(Collected data entries)
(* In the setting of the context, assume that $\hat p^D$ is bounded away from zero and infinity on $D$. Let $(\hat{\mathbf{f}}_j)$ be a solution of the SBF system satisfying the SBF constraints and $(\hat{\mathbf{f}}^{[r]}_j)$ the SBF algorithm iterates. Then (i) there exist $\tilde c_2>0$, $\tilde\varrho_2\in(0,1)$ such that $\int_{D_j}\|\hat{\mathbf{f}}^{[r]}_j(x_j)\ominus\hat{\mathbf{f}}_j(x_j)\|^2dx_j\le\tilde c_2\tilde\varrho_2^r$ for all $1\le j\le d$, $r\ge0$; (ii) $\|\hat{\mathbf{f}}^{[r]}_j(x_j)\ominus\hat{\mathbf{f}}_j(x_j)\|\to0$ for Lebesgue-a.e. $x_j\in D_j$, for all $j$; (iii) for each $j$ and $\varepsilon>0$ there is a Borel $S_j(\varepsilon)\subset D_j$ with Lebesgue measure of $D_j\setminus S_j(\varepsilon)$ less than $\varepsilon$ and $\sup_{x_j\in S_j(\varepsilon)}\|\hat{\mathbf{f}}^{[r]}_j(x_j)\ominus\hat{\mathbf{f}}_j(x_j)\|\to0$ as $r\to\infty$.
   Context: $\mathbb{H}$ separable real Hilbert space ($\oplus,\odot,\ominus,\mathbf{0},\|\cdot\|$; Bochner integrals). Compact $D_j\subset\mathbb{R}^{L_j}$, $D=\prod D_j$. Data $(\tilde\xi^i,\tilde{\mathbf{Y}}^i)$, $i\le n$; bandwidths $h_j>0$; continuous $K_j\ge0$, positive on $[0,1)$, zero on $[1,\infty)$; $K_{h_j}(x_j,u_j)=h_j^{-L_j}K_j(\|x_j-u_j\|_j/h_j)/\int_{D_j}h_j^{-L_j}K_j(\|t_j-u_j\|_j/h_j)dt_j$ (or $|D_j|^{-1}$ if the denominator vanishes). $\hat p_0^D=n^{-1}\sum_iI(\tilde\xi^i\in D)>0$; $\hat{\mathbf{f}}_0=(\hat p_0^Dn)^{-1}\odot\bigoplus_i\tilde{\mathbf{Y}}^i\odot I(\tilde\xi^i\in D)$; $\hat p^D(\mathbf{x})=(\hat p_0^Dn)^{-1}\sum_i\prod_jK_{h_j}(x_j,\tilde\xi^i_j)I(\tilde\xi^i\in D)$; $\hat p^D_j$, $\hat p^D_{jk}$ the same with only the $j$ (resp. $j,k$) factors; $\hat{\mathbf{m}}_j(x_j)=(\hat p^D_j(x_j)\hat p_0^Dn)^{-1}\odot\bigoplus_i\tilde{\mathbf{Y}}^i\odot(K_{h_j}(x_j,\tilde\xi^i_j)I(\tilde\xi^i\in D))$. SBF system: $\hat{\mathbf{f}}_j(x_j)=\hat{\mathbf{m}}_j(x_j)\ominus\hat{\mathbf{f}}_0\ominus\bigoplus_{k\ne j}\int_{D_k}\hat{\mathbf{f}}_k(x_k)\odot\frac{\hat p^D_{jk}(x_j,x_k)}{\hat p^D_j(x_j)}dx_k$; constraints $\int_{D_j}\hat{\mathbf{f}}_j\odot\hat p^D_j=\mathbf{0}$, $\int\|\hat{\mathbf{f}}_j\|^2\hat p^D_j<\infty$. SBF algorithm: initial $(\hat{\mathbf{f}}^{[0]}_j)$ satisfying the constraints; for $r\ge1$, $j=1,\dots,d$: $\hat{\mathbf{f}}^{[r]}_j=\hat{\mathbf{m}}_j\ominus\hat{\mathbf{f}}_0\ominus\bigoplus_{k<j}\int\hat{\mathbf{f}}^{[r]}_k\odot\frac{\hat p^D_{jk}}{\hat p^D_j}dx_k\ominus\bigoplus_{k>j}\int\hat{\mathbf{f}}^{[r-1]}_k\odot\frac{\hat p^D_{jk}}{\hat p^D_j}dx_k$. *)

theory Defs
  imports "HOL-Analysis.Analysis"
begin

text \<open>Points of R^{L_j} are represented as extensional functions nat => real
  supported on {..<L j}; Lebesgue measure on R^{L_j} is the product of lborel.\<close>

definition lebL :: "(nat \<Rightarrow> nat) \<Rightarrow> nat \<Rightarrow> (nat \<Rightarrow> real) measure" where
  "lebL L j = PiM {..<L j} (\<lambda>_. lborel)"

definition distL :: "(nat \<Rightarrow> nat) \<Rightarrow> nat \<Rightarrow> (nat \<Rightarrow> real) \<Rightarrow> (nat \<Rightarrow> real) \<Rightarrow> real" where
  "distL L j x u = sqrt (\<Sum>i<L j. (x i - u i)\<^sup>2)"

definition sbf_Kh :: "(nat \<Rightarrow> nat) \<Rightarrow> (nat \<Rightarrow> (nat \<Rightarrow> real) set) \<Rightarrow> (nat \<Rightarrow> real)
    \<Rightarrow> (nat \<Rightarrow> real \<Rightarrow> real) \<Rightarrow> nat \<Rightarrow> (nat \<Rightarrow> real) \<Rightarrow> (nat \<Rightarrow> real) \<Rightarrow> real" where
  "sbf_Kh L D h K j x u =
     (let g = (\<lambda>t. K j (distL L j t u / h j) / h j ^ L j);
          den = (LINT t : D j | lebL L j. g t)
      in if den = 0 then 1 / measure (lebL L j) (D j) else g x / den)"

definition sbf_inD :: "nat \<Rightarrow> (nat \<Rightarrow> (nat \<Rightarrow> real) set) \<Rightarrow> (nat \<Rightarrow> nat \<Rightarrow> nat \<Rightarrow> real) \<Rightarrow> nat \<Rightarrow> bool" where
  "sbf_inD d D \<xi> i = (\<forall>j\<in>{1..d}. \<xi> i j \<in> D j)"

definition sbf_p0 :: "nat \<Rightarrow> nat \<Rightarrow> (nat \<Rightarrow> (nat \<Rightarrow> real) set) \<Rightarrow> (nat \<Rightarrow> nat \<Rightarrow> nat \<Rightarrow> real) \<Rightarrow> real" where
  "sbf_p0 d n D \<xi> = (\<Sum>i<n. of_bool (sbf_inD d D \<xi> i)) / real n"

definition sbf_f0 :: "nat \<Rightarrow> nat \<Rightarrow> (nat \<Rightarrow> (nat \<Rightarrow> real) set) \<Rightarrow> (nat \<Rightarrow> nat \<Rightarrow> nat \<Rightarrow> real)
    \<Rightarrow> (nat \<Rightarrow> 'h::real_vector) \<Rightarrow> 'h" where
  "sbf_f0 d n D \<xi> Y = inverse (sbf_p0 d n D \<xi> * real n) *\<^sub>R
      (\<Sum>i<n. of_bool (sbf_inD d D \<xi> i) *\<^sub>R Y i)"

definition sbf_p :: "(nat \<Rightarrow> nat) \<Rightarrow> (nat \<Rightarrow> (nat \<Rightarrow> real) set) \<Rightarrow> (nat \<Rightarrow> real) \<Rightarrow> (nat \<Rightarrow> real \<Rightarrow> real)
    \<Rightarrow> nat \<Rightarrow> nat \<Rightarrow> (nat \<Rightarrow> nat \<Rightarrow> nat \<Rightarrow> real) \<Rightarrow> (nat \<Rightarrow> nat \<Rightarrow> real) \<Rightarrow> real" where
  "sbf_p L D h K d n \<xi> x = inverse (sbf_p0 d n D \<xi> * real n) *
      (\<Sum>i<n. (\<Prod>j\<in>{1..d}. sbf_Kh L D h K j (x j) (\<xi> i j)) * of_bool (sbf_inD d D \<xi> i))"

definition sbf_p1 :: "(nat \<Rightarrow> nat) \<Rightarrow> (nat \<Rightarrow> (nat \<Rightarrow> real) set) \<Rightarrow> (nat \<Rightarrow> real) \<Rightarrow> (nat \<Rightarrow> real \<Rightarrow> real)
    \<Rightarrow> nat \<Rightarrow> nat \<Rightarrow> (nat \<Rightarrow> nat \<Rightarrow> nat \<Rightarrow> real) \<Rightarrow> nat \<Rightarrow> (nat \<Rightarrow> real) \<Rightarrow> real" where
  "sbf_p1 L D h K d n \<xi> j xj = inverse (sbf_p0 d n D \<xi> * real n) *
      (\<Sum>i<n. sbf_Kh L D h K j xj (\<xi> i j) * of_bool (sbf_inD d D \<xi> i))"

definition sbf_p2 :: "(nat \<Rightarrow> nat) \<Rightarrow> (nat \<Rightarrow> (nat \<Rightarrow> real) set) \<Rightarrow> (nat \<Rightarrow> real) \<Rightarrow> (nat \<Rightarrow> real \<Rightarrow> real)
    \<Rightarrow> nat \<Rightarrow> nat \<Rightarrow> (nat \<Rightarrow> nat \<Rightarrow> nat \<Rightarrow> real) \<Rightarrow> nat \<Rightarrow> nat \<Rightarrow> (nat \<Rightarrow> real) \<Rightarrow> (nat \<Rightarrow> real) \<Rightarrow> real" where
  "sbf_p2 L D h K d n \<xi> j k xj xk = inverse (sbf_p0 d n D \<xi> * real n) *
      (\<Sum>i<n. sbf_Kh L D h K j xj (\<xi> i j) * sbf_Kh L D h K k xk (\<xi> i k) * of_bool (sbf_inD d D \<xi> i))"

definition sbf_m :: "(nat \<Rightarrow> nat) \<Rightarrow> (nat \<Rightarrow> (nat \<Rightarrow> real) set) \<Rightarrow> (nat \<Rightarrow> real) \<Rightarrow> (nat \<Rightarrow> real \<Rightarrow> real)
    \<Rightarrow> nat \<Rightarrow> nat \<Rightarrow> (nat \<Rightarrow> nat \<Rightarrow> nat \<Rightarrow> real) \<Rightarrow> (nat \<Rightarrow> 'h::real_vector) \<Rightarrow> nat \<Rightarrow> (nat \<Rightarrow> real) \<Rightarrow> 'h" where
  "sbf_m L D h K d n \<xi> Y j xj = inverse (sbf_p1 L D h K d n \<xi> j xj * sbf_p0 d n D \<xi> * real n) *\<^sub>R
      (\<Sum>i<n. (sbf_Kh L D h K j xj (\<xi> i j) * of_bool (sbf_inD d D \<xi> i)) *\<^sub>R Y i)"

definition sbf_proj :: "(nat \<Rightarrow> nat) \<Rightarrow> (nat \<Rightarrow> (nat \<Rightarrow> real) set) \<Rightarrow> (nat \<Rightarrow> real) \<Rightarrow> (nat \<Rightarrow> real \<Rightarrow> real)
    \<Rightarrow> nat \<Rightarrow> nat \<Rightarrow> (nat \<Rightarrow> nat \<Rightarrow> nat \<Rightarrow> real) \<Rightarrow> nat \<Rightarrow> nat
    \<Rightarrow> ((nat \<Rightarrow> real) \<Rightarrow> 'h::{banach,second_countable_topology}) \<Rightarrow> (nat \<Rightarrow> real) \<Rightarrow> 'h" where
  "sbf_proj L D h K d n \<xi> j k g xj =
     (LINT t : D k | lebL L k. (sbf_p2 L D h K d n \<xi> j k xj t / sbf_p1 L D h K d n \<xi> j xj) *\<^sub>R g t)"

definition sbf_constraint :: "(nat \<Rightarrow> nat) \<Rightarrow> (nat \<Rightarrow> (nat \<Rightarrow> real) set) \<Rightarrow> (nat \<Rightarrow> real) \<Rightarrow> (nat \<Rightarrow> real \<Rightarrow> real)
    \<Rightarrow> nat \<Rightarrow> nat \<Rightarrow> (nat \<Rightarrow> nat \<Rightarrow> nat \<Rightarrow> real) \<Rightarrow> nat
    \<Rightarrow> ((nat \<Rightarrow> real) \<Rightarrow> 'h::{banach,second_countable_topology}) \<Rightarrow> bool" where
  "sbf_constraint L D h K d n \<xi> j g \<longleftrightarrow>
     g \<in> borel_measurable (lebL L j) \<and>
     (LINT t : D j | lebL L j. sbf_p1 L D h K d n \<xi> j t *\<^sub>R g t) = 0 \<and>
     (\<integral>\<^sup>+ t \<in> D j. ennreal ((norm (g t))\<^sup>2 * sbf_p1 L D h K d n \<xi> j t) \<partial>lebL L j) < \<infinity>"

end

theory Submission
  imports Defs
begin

* [ASSIGNMENT] The answer must consist of every line from the entries that holds the string "imports".

* [REPLY]
  imports "HOL-Analysis.Analysis"
  imports Defs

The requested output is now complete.